EXERCISE GOAL. Across the data below, how many lines have the word "mathbb" in them? Give the number and nothing else.

MATERIALS PROVIDED.

^^^^^^^^

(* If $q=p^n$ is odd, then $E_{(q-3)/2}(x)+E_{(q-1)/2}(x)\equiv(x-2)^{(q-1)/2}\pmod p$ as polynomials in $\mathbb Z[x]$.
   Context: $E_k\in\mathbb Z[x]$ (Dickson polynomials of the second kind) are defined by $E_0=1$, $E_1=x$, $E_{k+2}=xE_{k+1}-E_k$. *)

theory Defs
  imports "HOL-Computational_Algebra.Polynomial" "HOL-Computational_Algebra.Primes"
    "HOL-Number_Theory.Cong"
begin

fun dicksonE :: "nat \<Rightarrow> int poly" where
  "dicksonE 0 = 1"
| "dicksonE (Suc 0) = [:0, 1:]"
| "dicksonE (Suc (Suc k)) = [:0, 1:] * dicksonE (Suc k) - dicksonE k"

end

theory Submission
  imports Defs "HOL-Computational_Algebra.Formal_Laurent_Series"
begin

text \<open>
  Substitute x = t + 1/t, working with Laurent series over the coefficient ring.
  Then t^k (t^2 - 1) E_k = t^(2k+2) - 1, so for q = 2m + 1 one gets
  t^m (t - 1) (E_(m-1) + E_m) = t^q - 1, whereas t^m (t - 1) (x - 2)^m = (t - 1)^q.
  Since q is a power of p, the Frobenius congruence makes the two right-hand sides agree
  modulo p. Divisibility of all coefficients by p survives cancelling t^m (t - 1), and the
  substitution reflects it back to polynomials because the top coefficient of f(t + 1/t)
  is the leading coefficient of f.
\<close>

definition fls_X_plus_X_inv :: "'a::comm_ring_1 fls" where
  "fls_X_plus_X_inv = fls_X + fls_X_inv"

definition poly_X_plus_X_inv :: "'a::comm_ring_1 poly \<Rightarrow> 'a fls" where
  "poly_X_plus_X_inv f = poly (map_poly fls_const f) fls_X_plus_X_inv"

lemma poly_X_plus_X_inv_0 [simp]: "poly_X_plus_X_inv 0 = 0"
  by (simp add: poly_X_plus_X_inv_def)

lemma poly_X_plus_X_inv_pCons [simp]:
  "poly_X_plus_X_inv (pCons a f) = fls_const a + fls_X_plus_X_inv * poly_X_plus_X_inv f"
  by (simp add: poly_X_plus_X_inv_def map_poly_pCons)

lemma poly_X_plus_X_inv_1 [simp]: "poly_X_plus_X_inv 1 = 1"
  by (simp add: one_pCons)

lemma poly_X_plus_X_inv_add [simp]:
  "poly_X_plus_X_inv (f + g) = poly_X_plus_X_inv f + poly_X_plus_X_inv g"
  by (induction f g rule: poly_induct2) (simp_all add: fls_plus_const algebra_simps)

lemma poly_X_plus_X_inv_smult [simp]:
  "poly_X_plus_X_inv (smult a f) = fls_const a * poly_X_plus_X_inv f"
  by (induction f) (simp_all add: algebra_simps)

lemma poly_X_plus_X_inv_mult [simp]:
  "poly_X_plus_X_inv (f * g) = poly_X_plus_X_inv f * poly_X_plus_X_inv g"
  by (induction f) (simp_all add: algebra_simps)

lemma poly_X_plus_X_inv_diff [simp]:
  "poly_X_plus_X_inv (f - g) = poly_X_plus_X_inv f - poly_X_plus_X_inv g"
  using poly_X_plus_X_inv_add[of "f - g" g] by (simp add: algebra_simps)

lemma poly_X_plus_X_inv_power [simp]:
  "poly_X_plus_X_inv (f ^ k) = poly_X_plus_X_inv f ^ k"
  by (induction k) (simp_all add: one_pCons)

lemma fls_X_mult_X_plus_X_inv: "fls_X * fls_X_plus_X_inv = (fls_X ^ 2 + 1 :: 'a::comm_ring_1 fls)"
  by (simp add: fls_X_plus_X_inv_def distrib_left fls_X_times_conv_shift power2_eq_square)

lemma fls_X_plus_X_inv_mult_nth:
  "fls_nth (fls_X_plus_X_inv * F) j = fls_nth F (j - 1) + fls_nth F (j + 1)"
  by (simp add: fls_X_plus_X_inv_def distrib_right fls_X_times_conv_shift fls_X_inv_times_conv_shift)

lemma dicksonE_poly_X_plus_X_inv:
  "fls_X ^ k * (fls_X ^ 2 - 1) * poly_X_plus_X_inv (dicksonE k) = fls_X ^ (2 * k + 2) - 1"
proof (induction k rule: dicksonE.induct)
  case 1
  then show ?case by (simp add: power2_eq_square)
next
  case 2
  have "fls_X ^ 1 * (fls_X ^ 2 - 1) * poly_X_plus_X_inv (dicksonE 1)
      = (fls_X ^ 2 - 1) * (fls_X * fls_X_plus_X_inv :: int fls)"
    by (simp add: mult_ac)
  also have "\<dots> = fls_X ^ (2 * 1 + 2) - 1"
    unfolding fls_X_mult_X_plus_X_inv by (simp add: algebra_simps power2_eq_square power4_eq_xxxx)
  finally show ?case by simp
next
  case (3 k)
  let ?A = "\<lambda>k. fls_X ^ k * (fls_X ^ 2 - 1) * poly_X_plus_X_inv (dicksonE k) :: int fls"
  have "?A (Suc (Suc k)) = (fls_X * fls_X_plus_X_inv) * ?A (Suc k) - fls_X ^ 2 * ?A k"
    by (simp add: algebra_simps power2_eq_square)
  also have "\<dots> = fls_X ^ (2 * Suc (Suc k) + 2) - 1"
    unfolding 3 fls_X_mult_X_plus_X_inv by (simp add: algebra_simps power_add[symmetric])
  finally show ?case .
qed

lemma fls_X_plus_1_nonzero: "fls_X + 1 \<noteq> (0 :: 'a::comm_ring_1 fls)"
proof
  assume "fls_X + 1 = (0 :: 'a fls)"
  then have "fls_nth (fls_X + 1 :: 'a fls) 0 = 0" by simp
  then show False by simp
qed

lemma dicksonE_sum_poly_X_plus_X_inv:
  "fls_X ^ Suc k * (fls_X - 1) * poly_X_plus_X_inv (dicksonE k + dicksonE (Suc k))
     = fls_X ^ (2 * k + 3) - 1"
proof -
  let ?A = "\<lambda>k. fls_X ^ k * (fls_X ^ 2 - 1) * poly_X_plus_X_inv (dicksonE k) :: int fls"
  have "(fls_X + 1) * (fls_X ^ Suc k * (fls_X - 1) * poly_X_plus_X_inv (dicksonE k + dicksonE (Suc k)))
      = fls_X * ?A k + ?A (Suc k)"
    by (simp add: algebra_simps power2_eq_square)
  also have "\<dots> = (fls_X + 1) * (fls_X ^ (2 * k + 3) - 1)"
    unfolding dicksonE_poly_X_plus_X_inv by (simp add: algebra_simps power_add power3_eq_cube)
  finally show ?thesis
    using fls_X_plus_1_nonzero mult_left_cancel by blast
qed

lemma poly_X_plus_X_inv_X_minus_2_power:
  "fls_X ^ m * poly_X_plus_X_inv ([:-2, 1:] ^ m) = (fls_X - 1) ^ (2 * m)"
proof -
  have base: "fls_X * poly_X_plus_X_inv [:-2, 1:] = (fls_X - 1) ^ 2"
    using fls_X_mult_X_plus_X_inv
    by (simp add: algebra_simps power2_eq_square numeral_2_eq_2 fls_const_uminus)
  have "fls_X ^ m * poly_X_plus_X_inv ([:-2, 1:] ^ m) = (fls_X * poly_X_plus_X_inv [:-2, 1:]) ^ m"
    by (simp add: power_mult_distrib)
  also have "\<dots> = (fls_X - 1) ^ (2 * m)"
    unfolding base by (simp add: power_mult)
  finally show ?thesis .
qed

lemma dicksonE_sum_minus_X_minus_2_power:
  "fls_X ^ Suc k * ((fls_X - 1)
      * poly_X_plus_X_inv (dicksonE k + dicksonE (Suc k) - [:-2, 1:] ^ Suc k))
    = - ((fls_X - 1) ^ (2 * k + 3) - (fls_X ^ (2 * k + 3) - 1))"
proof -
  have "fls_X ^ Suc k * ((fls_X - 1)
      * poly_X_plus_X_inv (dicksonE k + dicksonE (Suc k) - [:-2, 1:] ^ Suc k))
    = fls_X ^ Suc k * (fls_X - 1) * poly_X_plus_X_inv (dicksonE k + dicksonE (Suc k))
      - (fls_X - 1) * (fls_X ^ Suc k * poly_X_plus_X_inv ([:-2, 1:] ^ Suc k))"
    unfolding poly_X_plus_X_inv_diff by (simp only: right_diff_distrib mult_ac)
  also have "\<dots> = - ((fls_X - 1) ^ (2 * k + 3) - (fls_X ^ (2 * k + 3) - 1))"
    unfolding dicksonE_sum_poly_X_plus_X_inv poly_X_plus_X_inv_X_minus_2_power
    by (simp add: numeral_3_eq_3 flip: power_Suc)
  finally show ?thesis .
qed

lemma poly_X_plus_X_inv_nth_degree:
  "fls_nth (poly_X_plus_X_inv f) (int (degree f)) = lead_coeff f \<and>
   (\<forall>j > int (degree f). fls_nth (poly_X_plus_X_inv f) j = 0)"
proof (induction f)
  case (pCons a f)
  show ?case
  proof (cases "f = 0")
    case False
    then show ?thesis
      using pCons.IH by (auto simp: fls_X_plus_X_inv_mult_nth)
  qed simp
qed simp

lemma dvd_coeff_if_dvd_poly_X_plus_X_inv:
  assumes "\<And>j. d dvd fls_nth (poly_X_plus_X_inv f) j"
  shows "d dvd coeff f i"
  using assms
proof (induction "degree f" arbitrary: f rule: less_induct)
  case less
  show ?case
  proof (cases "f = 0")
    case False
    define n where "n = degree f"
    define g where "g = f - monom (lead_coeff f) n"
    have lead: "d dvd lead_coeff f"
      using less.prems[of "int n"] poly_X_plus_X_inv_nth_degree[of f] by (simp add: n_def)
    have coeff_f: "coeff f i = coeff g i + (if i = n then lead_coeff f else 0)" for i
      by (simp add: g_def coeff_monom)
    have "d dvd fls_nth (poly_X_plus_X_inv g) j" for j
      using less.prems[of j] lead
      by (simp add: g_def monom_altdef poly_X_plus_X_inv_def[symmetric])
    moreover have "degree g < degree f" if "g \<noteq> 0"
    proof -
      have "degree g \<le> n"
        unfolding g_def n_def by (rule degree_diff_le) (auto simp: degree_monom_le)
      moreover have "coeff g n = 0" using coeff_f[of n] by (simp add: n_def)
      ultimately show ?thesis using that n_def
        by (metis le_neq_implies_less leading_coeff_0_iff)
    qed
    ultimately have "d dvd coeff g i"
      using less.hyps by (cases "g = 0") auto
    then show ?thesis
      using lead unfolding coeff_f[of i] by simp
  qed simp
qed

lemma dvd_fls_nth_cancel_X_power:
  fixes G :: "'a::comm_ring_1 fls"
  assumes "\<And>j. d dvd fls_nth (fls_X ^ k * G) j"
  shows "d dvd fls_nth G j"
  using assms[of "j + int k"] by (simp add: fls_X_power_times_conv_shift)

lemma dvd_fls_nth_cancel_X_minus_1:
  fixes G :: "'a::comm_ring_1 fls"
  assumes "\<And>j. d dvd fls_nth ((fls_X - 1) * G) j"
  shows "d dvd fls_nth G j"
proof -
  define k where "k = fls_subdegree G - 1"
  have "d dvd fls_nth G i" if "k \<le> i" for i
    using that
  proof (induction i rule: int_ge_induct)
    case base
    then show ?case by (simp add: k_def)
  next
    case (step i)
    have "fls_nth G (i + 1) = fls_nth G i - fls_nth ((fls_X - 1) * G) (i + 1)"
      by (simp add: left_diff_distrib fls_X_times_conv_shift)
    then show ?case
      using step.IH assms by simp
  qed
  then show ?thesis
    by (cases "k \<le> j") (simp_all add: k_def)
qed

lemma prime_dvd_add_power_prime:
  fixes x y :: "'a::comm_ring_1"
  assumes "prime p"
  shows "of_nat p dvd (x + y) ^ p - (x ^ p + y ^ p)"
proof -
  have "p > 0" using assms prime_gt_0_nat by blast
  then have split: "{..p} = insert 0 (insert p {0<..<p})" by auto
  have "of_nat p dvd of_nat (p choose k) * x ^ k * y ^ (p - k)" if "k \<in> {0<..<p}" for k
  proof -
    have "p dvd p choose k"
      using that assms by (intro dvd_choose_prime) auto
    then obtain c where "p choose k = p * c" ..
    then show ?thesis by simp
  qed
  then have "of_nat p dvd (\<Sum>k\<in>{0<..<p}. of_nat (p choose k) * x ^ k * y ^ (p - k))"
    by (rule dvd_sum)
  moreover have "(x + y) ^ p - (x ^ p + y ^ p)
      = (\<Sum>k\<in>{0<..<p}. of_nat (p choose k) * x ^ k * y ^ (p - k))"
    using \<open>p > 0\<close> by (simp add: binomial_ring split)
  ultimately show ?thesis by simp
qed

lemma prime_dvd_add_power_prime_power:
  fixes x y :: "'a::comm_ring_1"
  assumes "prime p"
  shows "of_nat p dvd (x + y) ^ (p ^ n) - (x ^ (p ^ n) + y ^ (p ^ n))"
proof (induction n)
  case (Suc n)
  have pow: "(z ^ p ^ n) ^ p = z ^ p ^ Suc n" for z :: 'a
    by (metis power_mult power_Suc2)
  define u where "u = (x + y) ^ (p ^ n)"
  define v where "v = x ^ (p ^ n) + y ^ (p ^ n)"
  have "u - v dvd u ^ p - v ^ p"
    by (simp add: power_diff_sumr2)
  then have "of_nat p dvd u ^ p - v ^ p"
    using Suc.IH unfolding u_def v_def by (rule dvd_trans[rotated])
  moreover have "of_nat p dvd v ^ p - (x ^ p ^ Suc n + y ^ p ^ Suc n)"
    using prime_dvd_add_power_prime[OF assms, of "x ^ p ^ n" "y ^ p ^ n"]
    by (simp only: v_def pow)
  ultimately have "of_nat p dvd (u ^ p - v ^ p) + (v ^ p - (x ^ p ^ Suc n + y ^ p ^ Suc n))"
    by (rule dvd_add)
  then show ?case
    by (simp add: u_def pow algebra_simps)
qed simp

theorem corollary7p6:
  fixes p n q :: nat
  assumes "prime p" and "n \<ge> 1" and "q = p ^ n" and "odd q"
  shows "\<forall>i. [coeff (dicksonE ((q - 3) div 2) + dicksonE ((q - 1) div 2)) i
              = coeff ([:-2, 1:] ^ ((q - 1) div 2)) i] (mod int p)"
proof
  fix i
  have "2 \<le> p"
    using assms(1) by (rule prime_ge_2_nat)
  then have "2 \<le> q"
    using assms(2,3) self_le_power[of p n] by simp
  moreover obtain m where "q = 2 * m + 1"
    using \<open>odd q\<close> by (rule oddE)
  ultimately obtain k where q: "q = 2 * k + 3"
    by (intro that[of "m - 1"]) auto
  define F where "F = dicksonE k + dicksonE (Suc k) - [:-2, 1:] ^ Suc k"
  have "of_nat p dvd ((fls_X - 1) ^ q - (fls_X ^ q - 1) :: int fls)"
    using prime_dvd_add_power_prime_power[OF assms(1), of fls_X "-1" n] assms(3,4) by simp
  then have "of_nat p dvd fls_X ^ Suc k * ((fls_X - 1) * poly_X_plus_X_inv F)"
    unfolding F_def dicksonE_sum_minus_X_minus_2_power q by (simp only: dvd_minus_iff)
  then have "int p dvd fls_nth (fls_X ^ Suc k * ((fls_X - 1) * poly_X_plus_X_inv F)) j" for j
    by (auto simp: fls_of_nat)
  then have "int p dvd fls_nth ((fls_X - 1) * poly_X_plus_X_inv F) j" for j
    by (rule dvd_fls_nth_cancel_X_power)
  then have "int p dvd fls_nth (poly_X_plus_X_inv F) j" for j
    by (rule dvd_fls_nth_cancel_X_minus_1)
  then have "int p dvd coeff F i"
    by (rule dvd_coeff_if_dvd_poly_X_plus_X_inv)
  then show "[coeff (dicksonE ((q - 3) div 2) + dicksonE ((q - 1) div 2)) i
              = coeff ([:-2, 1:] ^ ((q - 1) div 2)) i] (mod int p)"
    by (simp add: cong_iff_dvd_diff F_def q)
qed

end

^^^^^^^^

TASK RESULT. 2